[Stored data entries]
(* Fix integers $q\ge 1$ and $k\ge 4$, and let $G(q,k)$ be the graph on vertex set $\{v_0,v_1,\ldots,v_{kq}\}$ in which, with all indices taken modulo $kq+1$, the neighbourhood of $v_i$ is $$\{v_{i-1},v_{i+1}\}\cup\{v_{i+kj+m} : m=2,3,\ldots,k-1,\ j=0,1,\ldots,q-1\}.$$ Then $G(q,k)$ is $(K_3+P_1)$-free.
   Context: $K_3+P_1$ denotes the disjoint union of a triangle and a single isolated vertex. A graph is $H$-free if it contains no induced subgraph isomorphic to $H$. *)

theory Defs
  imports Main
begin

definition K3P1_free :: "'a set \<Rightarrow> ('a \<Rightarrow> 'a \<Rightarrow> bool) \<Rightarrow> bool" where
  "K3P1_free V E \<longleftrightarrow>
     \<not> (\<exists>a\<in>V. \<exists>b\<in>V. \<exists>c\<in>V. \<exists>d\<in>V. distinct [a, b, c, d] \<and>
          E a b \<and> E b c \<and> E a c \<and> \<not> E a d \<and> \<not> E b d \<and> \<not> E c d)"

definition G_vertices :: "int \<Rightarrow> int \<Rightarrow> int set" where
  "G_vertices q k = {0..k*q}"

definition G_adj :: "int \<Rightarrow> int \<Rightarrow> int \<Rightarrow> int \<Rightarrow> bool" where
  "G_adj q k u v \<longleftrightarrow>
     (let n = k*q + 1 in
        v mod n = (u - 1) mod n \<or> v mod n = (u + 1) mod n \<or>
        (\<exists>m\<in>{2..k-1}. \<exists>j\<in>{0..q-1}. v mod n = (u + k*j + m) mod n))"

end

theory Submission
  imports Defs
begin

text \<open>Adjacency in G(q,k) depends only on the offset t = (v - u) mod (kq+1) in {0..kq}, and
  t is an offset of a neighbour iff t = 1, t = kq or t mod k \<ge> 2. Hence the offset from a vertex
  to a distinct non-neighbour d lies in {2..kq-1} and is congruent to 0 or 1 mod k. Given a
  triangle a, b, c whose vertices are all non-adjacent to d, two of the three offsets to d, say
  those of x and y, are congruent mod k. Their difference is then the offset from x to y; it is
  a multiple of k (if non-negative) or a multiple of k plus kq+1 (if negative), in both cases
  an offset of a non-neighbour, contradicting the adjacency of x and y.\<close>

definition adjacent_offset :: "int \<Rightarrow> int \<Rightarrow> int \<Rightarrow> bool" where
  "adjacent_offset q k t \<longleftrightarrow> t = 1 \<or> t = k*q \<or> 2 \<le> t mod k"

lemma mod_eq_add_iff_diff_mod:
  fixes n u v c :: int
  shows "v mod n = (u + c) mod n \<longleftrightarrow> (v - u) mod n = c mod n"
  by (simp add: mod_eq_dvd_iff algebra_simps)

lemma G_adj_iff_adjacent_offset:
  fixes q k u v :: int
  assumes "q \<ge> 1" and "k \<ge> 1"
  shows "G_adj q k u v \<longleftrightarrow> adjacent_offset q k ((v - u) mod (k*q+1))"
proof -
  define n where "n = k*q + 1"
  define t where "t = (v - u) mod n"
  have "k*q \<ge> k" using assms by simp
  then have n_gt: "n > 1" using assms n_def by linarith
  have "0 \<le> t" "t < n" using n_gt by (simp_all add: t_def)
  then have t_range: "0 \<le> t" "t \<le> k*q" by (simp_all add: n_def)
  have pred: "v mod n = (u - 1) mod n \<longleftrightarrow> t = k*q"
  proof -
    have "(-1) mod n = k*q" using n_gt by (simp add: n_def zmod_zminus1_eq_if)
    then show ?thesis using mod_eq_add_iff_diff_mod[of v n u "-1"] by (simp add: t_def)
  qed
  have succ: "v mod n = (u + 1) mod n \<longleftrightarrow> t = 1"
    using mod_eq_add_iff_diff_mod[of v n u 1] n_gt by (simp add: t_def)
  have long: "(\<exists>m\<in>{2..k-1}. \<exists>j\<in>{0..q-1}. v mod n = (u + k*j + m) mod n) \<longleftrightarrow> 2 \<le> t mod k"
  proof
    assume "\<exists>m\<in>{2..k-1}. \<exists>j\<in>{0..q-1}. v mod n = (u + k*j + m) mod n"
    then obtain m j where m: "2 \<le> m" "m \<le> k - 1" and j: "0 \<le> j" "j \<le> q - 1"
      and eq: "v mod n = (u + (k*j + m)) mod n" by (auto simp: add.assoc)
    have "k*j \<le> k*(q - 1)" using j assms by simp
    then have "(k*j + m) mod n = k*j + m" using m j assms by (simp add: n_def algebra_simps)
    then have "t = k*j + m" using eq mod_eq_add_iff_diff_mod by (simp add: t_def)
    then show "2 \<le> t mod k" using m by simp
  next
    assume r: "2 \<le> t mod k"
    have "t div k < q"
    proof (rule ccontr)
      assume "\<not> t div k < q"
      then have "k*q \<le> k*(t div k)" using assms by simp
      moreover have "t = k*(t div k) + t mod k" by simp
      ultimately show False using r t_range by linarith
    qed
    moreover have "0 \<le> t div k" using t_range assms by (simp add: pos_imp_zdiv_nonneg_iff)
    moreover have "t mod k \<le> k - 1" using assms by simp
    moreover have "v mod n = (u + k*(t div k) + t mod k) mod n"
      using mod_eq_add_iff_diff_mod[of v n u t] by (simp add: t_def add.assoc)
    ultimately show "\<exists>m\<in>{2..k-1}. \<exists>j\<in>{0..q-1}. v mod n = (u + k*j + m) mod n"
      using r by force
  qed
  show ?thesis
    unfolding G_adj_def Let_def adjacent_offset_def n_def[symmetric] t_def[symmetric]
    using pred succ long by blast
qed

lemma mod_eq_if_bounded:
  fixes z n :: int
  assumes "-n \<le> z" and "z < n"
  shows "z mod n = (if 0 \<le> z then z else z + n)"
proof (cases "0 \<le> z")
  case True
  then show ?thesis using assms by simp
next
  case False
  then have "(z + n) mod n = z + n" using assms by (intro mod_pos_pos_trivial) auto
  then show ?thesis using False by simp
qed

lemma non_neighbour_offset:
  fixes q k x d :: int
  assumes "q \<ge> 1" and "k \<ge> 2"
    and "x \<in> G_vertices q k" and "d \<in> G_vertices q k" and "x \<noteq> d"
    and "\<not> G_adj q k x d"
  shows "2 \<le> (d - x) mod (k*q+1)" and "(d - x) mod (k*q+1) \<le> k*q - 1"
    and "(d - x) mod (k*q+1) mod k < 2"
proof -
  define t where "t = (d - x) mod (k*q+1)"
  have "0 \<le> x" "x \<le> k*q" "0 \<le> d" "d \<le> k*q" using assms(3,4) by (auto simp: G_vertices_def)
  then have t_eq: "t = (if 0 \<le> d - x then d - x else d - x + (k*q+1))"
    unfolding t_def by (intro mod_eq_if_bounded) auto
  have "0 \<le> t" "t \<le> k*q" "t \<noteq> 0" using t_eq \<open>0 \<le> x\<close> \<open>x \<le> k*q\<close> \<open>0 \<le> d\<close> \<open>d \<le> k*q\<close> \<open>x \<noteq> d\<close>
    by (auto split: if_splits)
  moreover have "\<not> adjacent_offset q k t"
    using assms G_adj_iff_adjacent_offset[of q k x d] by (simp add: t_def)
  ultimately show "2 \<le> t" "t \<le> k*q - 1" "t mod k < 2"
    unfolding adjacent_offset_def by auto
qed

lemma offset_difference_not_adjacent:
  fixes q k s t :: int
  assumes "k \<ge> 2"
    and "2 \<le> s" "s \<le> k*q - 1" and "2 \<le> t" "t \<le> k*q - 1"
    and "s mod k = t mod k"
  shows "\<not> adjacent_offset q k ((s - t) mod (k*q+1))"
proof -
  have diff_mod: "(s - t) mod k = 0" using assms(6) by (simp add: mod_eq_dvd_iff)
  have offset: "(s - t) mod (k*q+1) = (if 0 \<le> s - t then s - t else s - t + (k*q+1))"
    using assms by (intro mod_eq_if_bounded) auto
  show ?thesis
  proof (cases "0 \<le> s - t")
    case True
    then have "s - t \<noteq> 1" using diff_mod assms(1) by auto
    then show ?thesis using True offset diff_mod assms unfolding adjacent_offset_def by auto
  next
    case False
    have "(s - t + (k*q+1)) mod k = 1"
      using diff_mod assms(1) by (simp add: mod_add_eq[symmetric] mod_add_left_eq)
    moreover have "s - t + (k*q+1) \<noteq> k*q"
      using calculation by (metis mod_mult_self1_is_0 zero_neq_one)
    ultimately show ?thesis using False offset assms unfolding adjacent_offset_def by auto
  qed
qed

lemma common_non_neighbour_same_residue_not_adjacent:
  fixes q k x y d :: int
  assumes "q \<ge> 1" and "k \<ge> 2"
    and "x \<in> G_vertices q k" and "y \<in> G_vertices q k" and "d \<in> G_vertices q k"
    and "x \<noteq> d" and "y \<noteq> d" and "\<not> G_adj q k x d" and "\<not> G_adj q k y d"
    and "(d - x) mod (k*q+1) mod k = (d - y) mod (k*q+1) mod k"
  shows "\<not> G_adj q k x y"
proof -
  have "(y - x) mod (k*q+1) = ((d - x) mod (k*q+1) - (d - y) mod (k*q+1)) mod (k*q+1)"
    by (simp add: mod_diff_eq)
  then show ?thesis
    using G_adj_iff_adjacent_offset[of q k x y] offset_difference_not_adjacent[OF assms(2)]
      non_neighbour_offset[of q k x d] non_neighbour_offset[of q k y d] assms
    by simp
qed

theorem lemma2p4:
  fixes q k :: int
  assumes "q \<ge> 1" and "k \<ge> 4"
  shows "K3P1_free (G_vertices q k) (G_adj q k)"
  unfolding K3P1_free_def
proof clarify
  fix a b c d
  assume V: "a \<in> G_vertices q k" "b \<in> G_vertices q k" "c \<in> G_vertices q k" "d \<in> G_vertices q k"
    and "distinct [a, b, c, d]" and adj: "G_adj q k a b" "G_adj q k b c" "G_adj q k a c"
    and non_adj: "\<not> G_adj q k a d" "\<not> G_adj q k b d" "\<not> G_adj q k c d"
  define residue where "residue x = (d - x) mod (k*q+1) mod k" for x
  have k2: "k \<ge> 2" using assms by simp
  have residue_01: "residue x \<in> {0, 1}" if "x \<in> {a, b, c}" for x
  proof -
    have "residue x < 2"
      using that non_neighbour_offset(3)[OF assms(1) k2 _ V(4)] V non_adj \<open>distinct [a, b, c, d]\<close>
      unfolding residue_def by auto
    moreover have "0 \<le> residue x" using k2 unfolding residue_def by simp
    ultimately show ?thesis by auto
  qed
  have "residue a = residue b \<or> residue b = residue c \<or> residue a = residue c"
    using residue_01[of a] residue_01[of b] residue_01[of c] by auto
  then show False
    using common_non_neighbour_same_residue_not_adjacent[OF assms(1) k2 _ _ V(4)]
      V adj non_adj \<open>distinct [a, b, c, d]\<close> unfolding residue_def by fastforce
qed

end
* * *
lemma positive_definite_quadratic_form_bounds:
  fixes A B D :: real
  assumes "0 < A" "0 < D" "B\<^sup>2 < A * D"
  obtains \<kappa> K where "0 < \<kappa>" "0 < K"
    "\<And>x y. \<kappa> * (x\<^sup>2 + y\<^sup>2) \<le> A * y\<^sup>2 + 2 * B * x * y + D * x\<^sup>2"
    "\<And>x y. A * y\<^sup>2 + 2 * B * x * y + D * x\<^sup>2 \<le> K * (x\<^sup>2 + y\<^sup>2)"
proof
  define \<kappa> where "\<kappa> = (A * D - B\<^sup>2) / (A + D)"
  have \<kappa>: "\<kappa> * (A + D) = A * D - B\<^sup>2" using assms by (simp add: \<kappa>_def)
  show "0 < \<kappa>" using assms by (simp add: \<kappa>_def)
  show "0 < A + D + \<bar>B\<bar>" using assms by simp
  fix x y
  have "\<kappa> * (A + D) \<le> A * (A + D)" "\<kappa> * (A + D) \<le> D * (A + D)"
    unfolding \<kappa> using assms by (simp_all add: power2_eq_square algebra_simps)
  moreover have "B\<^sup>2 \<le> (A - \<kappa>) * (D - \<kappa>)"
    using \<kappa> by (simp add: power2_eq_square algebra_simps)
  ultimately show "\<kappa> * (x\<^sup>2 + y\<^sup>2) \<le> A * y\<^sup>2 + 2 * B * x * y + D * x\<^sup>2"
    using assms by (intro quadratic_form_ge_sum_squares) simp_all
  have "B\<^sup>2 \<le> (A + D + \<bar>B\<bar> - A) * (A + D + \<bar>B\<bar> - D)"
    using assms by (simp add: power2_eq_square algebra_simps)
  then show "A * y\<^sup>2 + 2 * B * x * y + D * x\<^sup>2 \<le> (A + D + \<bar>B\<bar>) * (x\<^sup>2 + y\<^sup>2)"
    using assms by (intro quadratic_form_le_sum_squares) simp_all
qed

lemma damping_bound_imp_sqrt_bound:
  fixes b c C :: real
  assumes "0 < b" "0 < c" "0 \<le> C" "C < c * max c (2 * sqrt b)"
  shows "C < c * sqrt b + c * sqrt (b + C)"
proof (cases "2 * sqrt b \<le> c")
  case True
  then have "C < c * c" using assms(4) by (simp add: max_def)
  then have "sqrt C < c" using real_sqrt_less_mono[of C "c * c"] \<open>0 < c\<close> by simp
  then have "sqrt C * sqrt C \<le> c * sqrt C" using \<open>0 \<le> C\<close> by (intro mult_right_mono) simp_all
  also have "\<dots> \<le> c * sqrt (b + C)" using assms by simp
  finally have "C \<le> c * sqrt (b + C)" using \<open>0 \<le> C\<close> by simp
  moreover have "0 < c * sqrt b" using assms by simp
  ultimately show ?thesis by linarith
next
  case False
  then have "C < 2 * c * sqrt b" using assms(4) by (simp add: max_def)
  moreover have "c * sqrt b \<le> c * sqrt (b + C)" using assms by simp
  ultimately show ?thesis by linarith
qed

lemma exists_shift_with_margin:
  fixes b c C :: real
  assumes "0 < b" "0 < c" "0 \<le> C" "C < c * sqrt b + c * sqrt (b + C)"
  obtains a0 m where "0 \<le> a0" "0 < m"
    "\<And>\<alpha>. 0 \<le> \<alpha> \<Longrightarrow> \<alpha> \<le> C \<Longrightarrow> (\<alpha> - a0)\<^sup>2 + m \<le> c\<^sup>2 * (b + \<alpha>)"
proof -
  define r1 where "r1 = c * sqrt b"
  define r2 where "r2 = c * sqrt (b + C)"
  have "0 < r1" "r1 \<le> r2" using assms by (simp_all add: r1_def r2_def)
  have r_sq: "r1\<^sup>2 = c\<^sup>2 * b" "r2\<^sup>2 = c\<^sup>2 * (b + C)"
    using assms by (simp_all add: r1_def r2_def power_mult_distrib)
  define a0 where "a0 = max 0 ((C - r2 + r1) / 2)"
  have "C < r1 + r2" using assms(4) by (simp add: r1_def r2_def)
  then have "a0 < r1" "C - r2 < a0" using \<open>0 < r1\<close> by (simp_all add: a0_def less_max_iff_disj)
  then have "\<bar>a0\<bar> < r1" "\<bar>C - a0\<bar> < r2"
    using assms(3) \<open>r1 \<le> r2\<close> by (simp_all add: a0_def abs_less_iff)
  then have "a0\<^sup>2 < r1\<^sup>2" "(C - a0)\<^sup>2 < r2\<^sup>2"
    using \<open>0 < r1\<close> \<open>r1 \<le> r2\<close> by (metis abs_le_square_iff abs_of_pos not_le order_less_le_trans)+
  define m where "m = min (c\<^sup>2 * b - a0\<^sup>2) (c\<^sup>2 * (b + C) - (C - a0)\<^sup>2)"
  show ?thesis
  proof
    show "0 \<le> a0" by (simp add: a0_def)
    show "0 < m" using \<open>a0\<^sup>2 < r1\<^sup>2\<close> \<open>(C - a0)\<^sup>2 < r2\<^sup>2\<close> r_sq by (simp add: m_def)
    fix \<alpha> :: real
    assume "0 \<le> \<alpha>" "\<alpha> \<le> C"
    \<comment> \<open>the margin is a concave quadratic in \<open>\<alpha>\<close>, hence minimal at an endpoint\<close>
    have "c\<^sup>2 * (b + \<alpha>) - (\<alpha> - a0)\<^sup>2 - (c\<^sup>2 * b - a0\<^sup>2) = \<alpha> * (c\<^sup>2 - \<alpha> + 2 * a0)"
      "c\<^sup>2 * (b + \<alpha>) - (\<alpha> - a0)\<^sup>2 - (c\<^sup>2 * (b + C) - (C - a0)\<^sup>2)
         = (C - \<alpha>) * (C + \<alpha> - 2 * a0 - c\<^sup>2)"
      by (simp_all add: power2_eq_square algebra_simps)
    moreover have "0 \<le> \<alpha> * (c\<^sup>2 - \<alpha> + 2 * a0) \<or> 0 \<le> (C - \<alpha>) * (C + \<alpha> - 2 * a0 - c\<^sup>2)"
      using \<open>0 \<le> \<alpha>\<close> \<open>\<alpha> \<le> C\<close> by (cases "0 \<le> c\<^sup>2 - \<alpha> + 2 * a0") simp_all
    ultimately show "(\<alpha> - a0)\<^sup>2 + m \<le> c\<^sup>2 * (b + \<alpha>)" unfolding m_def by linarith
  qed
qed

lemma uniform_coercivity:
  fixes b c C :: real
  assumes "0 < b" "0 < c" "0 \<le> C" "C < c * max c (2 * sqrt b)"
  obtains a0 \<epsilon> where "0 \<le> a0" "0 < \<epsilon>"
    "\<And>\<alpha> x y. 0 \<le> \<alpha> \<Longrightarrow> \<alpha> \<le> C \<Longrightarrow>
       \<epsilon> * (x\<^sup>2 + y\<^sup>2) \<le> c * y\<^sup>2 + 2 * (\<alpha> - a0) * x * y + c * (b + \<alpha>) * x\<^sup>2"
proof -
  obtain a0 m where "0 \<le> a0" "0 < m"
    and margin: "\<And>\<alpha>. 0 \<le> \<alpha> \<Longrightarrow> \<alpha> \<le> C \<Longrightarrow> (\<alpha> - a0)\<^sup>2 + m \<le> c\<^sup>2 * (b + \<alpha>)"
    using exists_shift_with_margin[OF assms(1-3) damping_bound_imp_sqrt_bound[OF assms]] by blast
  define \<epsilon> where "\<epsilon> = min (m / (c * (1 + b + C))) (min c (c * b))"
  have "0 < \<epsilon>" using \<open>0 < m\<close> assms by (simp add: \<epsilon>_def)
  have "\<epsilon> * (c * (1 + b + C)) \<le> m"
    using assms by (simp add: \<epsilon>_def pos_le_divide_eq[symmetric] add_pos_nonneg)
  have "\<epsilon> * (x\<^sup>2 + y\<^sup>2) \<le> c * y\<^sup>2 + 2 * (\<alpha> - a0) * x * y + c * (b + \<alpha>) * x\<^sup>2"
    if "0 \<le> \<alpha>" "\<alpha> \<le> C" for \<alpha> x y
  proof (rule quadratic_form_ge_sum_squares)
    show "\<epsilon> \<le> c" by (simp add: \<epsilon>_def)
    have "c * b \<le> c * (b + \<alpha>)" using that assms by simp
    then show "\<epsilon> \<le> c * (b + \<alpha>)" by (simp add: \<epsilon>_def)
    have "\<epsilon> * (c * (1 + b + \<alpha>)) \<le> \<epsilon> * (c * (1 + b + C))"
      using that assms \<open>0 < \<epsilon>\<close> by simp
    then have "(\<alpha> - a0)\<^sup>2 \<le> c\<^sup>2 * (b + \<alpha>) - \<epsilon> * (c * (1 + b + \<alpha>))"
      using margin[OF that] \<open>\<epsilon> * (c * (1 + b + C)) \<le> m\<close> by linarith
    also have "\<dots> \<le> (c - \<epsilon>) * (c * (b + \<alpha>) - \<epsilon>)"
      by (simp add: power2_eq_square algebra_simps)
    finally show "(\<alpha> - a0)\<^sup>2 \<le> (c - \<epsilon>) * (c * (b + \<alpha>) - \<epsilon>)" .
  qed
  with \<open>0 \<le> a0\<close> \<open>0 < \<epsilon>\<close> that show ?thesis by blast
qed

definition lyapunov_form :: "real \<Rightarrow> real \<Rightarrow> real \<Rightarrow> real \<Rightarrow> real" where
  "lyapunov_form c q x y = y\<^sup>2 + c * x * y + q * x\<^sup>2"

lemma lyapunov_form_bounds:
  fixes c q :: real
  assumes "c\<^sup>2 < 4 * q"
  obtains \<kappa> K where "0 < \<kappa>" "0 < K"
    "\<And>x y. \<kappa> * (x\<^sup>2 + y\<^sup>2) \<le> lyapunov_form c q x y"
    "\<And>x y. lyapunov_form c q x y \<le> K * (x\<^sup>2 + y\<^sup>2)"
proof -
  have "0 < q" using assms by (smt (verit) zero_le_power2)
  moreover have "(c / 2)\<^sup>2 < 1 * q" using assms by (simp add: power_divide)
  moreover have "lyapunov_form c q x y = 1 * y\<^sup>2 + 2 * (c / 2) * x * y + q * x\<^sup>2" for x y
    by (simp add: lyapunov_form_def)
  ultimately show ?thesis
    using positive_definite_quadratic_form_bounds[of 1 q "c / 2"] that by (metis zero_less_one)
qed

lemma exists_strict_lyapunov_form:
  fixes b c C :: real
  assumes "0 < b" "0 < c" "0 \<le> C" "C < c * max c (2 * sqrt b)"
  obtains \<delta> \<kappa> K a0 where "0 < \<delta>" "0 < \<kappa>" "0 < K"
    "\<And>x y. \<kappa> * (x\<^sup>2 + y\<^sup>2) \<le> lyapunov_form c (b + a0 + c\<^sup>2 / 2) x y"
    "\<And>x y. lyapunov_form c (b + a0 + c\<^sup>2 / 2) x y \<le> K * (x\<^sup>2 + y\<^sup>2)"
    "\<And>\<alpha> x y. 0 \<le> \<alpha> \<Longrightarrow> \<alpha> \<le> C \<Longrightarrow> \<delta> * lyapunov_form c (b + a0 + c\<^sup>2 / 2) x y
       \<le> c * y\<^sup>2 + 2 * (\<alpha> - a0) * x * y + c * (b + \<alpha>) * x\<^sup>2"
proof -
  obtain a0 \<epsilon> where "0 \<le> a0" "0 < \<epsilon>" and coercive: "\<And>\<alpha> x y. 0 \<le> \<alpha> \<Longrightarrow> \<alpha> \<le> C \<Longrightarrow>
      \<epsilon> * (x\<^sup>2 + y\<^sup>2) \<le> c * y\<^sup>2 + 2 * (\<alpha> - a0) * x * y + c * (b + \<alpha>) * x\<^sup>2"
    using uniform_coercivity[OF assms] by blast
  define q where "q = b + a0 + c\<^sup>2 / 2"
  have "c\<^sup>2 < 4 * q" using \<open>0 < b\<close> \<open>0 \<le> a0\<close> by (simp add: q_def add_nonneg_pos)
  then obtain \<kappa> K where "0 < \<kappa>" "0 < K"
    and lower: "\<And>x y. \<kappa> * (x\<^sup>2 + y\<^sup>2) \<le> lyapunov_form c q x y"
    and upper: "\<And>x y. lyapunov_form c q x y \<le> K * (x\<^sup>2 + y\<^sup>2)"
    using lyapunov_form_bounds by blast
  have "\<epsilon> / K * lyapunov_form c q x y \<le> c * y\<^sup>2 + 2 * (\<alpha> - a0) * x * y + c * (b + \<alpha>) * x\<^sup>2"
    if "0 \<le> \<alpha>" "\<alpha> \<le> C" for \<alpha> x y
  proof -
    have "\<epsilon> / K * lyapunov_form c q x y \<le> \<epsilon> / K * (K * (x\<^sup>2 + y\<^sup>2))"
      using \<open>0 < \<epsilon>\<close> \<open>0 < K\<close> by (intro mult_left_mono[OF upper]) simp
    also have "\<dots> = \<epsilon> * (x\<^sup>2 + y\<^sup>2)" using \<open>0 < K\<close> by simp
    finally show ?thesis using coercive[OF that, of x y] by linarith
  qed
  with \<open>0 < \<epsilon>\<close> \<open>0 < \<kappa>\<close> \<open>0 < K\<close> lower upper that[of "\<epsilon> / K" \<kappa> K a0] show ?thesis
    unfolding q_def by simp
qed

▸ AIM OF THE TASK
Among the entries above, copy exactly only the lines starting with the one containing "that assms by simp" and going through the one containing "b + \<alpha>)) \<le>", both ends included.

▸ YOUR RESPONSE
    have "c * b \<le> c * (b + \<alpha>)" using that assms by simp
    then show "\<epsilon> \<le> c * (b + \<alpha>)" by (simp add: \<epsilon>_def)
    have "\<epsilon> * (c * (1 + b + \<alpha>)) \<le> \<epsilon> * (c * (1 + b + C))"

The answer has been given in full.